* _Source material_:
lemma first_exit_induction:
  fixes P :: "real \<Rightarrow> bool"
  assumes closing: "\<And>t. 0 \<le> t \<Longrightarrow> (\<And>x. 0 \<le> x \<Longrightarrow> x < t \<Longrightarrow> P x) \<Longrightarrow> P t"
    and extending: "\<And>t. 0 \<le> t \<Longrightarrow> P t \<Longrightarrow> eventually P (at_right t)"
    and "0 \<le> t"
  shows "P t"
proof (rule ccontr)
  assume "\<not> P t"
  define A where "A = {x. 0 \<le> x \<and> \<not> P x}"
  have ne: "A \<noteq> {}" and bdd: "bdd_below A"
    using \<open>\<not> P t\<close> \<open>0 \<le> t\<close> unfolding A_def by (auto intro: bdd_belowI[of _ 0])
  define t1 where "t1 = Inf A"
  have t1_nonneg: "0 \<le> t1" unfolding t1_def using ne by (intro cInf_greatest) (auto simp: A_def)
  have before: "P x" if "0 \<le> x" "x < t1" for x
    using that cInf_lower[OF _ bdd, of x] unfolding t1_def A_def by force
  have "P t1" using closing[OF t1_nonneg before] .
  then obtain u where u: "t1 < u" "\<And>y. t1 < y \<Longrightarrow> y < u \<Longrightarrow> P y"
    using extending[OF t1_nonneg] eventually_at_right[of t1 "t1 + 1"] by auto
  obtain a where a: "a \<in> A" "a < u" using cInf_less_iff[OF ne bdd] u(1) unfolding t1_def by auto
  have "t1 \<le> a" unfolding t1_def using cInf_lower[OF a(1) bdd] .
  then show False using a u \<open>P t1\<close> unfolding A_def by (cases "a = t1") auto
qed

lemma compact_pos_uniform:
  fixes f :: "'a::topological_space \<Rightarrow> real"
  assumes "compact K" "continuous_on K f" "\<And>x. x \<in> K \<Longrightarrow> 0 < f x"
  shows "\<exists>d>0. \<forall>x\<in>K. d \<le> f x"
proof (cases "K = {}")
  case False
  then obtain x0 where "x0 \<in> K" "\<forall>y\<in>K. f x0 \<le> f y"
    using continuous_attains_inf[OF assms(1) _ assms(2)] by blast
  then show ?thesis using assms(3) by blast
qed (auto intro: exI[of _ 1])

section \<open>The chemostat with a bounded continuous dilution law\<close>

locale chemostat =
  fixes mu D :: "real \<Rightarrow> real" and s_in Dmin Dmax :: real and s b :: "real \<Rightarrow> real"
  assumes s_in_pos: "0 < s_in"
    and mu_cont: "continuous_on {0..s_in} mu"
    and mu_nonneg: "\<And>x. 0 \<le> x \<Longrightarrow> x \<le> s_in \<Longrightarrow> 0 \<le> mu x"
    and mu_0: "mu 0 = 0"
    and mu_s_in_pos: "0 < mu s_in"
    and D_cont: "continuous_on {0..s_in} D"
    and Dmin_pos: "0 < Dmin"
    and D_lower: "\<And>x. Dmin \<le> D x"
    and D_upper: "\<And>x. D x \<le> Dmax"
    and initial: "0 \<le> s 0" "s 0 < s_in" "0 < b 0"
    and s_deriv: "\<And>t. 0 \<le> t \<Longrightarrow>
      (s has_real_derivative - mu (s t) * b t + D (s t) * (s_in - s t)) (at t within {0..})"
    and b_deriv: "\<And>t. 0 \<le> t \<Longrightarrow>
      (b has_real_derivative mu (s t) * b t - D (s t) * b t) (at t within {0..})"
begin

text \<open>The excess of the total mass over the inflow concentration; it obeys \<open>w' = - D(s) w\<close>.\<close>
definition excess :: "real \<Rightarrow> real" where
  "excess t = s t + b t - s_in"

definition s_rate :: "real \<Rightarrow> real" where
  "s_rate t = - mu (s t) * b t + D (s t) * (s_in - s t)"

lemma s_rate_excess: "s_rate t = (D (s t) - mu (s t)) * (s_in - s t) - mu (s t) * excess t"
  unfolding s_rate_def excess_def by (simp add: algebra_simps)

lemma s_deriv_at: "0 < t \<Longrightarrow> (s has_real_derivative s_rate t) (at t)"
  unfolding s_rate_def
  by (metis s_deriv at_within_interior interior_real_atLeast greaterThan_iff less_imp_le)

lemma b_deriv_at: "0 < t \<Longrightarrow> (b has_real_derivative mu (s t) * b t - D (s t) * b t) (at t)"
  by (metis b_deriv at_within_interior interior_real_atLeast greaterThan_iff less_imp_le)

lemma s_cont: "continuous_on {0..} s"
  using s_deriv by (intro DERIV_continuous_on) auto

lemma b_cont: "continuous_on {0..} b"
  using b_deriv by (intro DERIV_continuous_on) auto

lemma mu_bounded: "\<exists>M>0. \<forall>x\<in>{0..s_in}. mu x \<le> M"
proof -
  obtain M where "\<forall>x\<in>{0..s_in}. norm (mu x) \<le> M"
    using compact_imp_bounded[OF compact_continuous_image[OF mu_cont compact_Icc]]
    by (auto simp: bounded_iff)
  then show ?thesis by (intro exI[of _ "max M 1"]) force
qed

subsection \<open>Invariance of the physical region\<close>

text \<open>While the state is physical, the washout rate is at most \<open>Dmax\<close>, so
  \<open>b(t) e^{Dmax t}\<close> does not decrease.\<close>
lemma b_growth_bound:
  assumes "0 \<le> t" and inside: "\<And>x. 0 < x \<Longrightarrow> x < t \<Longrightarrow> 0 \<le> s x \<and> s x \<le> s_in \<and> 0 \<le> b x"
  shows "b 0 \<le> b t * exp (Dmax * t)"
proof -
  have "b 0 * exp (Dmax * 0) \<le> b t * exp (Dmax * t)"
  proof (rule DERIV_nonneg_imp_increasing_open[OF \<open>0 \<le> t\<close>])
    fix x assume x: "0 < x" "x < t"
    have "((\<lambda>t. b t * exp (Dmax * t)) has_real_derivative
        (mu (s x) + (Dmax - D (s x))) * b x * exp (Dmax * x)) (at x)"
      using b_deriv_at[OF x(1)] by (auto intro!: derivative_eq_intros simp: algebra_simps)
    moreover have "0 \<le> (mu (s x) + (Dmax - D (s x))) * b x * exp (Dmax * x)"
      using inside[OF x] mu_nonneg D_upper[of "s x"] by simp
    ultimately show "\<exists>y. ((\<lambda>t. b t * exp (Dmax * t)) has_real_derivative y) (at x) \<and> 0 \<le> y"
      by blast
  next
    show "continuous_on {0..t} (\<lambda>t. b t * exp (Dmax * t))"
      using continuous_on_subset[OF b_cont] by (auto intro!: continuous_intros)
  qed
  then show ?thesis by simp
qed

* _Exercise aim_: Output the records in full, keeping them exactly as they are.

* _Task answer_:
lemma first_exit_induction:
  fixes P :: "real \<Rightarrow> bool"
  assumes closing: "\<And>t. 0 \<le> t \<Longrightarrow> (\<And>x. 0 \<le> x \<Longrightarrow> x < t \<Longrightarrow> P x) \<Longrightarrow> P t"
    and extending: "\<And>t. 0 \<le> t \<Longrightarrow> P t \<Longrightarrow> eventually P (at_right t)"
    and "0 \<le> t"
  shows "P t"
proof (rule ccontr)
  assume "\<not> P t"
  define A where "A = {x. 0 \<le> x \<and> \<not> P x}"
  have ne: "A \<noteq> {}" and bdd: "bdd_below A"
    using \<open>\<not> P t\<close> \<open>0 \<le> t\<close> unfolding A_def by (auto intro: bdd_belowI[of _ 0])
  define t1 where "t1 = Inf A"
  have t1_nonneg: "0 \<le> t1" unfolding t1_def using ne by (intro cInf_greatest) (auto simp: A_def)
  have before: "P x" if "0 \<le> x" "x < t1" for x
    using that cInf_lower[OF _ bdd, of x] unfolding t1_def A_def by force
  have "P t1" using closing[OF t1_nonneg before] .
  then obtain u where u: "t1 < u" "\<And>y. t1 < y \<Longrightarrow> y < u \<Longrightarrow> P y"
    using extending[OF t1_nonneg] eventually_at_right[of t1 "t1 + 1"] by auto
  obtain a where a: "a \<in> A" "a < u" using cInf_less_iff[OF ne bdd] u(1) unfolding t1_def by auto
  have "t1 \<le> a" unfolding t1_def using cInf_lower[OF a(1) bdd] .
  then show False using a u \<open>P t1\<close> unfolding A_def by (cases "a = t1") auto
qed

lemma compact_pos_uniform:
  fixes f :: "'a::topological_space \<Rightarrow> real"
  assumes "compact K" "continuous_on K f" "\<And>x. x \<in> K \<Longrightarrow> 0 < f x"
  shows "\<exists>d>0. \<forall>x\<in>K. d \<le> f x"
proof (cases "K = {}")
  case False
  then obtain x0 where "x0 \<in> K" "\<forall>y\<in>K. f x0 \<le> f y"
    using continuous_attains_inf[OF assms(1) _ assms(2)] by blast
  then show ?thesis using assms(3) by blast
qed (auto intro: exI[of _ 1])

section \<open>The chemostat with a bounded continuous dilution law\<close>

locale chemostat =
  fixes mu D :: "real \<Rightarrow> real" and s_in Dmin Dmax :: real and s b :: "real \<Rightarrow> real"
  assumes s_in_pos: "0 < s_in"
    and mu_cont: "continuous_on {0..s_in} mu"
    and mu_nonneg: "\<And>x. 0 \<le> x \<Longrightarrow> x \<le> s_in \<Longrightarrow> 0 \<le> mu x"
    and mu_0: "mu 0 = 0"
    and mu_s_in_pos: "0 < mu s_in"
    and D_cont: "continuous_on {0..s_in} D"
    and Dmin_pos: "0 < Dmin"
    and D_lower: "\<And>x. Dmin \<le> D x"
    and D_upper: "\<And>x. D x \<le> Dmax"
    and initial: "0 \<le> s 0" "s 0 < s_in" "0 < b 0"
    and s_deriv: "\<And>t. 0 \<le> t \<Longrightarrow>
      (s has_real_derivative - mu (s t) * b t + D (s t) * (s_in - s t)) (at t within {0..})"
    and b_deriv: "\<And>t. 0 \<le> t \<Longrightarrow>
      (b has_real_derivative mu (s t) * b t - D (s t) * b t) (at t within {0..})"
begin

text \<open>The excess of the total mass over the inflow concentration; it obeys \<open>w' = - D(s) w\<close>.\<close>
definition excess :: "real \<Rightarrow> real" where
  "excess t = s t + b t - s_in"

definition s_rate :: "real \<Rightarrow> real" where
  "s_rate t = - mu (s t) * b t + D (s t) * (s_in - s t)"

lemma s_rate_excess: "s_rate t = (D (s t) - mu (s t)) * (s_in - s t) - mu (s t) * excess t"
  unfolding s_rate_def excess_def by (simp add: algebra_simps)

lemma s_deriv_at: "0 < t \<Longrightarrow> (s has_real_derivative s_rate t) (at t)"
  unfolding s_rate_def
  by (metis s_deriv at_within_interior interior_real_atLeast greaterThan_iff less_imp_le)

lemma b_deriv_at: "0 < t \<Longrightarrow> (b has_real_derivative mu (s t) * b t - D (s t) * b t) (at t)"
  by (metis b_deriv at_within_interior interior_real_atLeast greaterThan_iff less_imp_le)

lemma s_cont: "continuous_on {0..} s"
  using s_deriv by (intro DERIV_continuous_on) auto

lemma b_cont: "continuous_on {0..} b"
  using b_deriv by (intro DERIV_continuous_on) auto

lemma mu_bounded: "\<exists>M>0. \<forall>x\<in>{0..s_in}. mu x \<le> M"
proof -
  obtain M where "\<forall>x\<in>{0..s_in}. norm (mu x) \<le> M"
    using compact_imp_bounded[OF compact_continuous_image[OF mu_cont compact_Icc]]
    by (auto simp: bounded_iff)
  then show ?thesis by (intro exI[of _ "max M 1"]) force
qed

subsection \<open>Invariance of the physical region\<close>

text \<open>While the state is physical, the washout rate is at most \<open>Dmax\<close>, so
  \<open>b(t) e^{Dmax t}\<close> does not decrease.\<close>
lemma b_growth_bound:
  assumes "0 \<le> t" and inside: "\<And>x. 0 < x \<Longrightarrow> x < t \<Longrightarrow> 0 \<le> s x \<and> s x \<le> s_in \<and> 0 \<le> b x"
  shows "b 0 \<le> b t * exp (Dmax * t)"
proof -
  have "b 0 * exp (Dmax * 0) \<le> b t * exp (Dmax * t)"
  proof (rule DERIV_nonneg_imp_increasing_open[OF \<open>0 \<le> t\<close>])
    fix x assume x: "0 < x" "x < t"
    have "((\<lambda>t. b t * exp (Dmax * t)) has_real_derivative
        (mu (s x) + (Dmax - D (s x))) * b x * exp (Dmax * x)) (at x)"
      using b_deriv_at[OF x(1)] by (auto intro!: derivative_eq_intros simp: algebra_simps)
    moreover have "0 \<le> (mu (s x) + (Dmax - D (s x))) * b x * exp (Dmax * x)"
      using inside[OF x] mu_nonneg D_upper[of "s x"] by simp
    ultimately show "\<exists>y. ((\<lambda>t. b t * exp (Dmax * t)) has_real_derivative y) (at x) \<and> 0 \<le> y"
      by blast
  next
    show "continuous_on {0..t} (\<lambda>t. b t * exp (Dmax * t))"
      using continuous_on_subset[OF b_cont] by (auto intro!: continuous_intros)
  qed
  then show ?thesis by simp
qed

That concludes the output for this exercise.